The (research) definition of insanity?
This morning I had a deeply satisfying research session. I sketched out plans for a new testbed (related to the grant application I’m working on currently). I defined “roles” for each system within the testbed. I identified the main research questions, and even set next steps. I was feeling good.
One of the “next steps” involves solving a rather tricky problem…one that sounded familiar. On a hunch, I went back into my research notebooks….and found notes on the same tricky problem, from at least three different occasions, dating back to the spring of 2010. A tricky problem that, obviously, still remains unsolved, despite my best efforts.
The famous quote by Albert Einstein states that “insanity is doing the same thing over and over again and expecting different results.” Clearly solving this problem is necessary to moving this particular line of research forward. Clearly I’ve not been able to jump this hurdle in the past. Does this mean I’m foolish for trying again?
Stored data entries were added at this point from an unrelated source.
lemma schur_partitionD:
  assumes "schur_partition G D TYPE('f::field)"
  shows schur_partition_class: "\<And>C. C \<in> D \<Longrightarrow> C \<noteq> {} \<and> finite C \<and> C \<subseteq> carrier G"
    and schur_partition_disjoint: "\<And>C C' x. C \<in> D \<Longrightarrow> C' \<in> D \<Longrightarrow> x \<in> C \<Longrightarrow> x \<in> C' \<Longrightarrow> C = C'"
    and schur_partition_cover: "\<And>x. x \<in> carrier G \<Longrightarrow> \<exists>C\<in>D. x \<in> C"
    and schur_partition_one: "{\<one>\<^bsub>G\<^esub>} \<in> D"
    and schur_partition_inv: "\<And>C. C \<in> D \<Longrightarrow> (\<lambda>g. inv\<^bsub>G\<^esub> g) ` C \<in> D"
    and schur_partition_mult: "\<And>C C'. C \<in> D \<Longrightarrow> C' \<in> D \<Longrightarrow> \<exists>lam::'g set \<Rightarrow> 'f.
      gr_mult G (bar C) (bar C') = (\<lambda>x. \<Sum>E \<in> {E \<in> D. lam E \<noteq> 0}. lam E * bar E x)"
proof -
  note defining_props = assms[unfolded schur_partition_def]
  show "\<And>C. C \<in> D \<Longrightarrow> C \<noteq> {} \<and> finite C \<and> C \<subseteq> carrier G"
    using defining_props by blast
  show "\<And>C C' x. C \<in> D \<Longrightarrow> C' \<in> D \<Longrightarrow> x \<in> C \<Longrightarrow> x \<in> C' \<Longrightarrow> C = C'"
    using defining_props by blast
  show "\<And>x. x \<in> carrier G \<Longrightarrow> \<exists>C\<in>D. x \<in> C"
    using defining_props by blast
  show "{\<one>\<^bsub>G\<^esub>} \<in> D"
    using defining_props by blast
  show "\<And>C. C \<in> D \<Longrightarrow> (\<lambda>g. inv\<^bsub>G\<^esub> g) ` C \<in> D"
    using defining_props by blast
  show "\<And>C C'. C \<in> D \<Longrightarrow> C' \<in> D \<Longrightarrow> \<exists>lam::'g set \<Rightarrow> 'f.
      gr_mult G (bar C) (bar C') = (\<lambda>x. \<Sum>E \<in> {E \<in> D. lam E \<noteq> 0}. lam E * bar E x)"
    using defining_props by blast
qed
On the surface, yes, I am crazy for repeating my past failures. But on the other hand, each one of my previous attempts taught me something about the problem, something which I applied the next time to the problem. And each previous attempt also taught me that I was not quite ready to solve the problem—I didn’t have enough information, didn’t know enough about how the system I’m designing and developing behaves. In the interim, while I was off solving other problems and tinkering with the system, I gained (or so I’d like to believe) valuable insights and knowledge that should get me closer to the solution.
And then there’s that little thing about how my biggest breakthroughs tend to happen when I revisit old failures…and finally see that little nugget I failed to notice before, the key to solving the problem.
So as usual, I’ll plunge ahead in my normal insane way, trust my instincts, and hope that the fourth time’s the charm.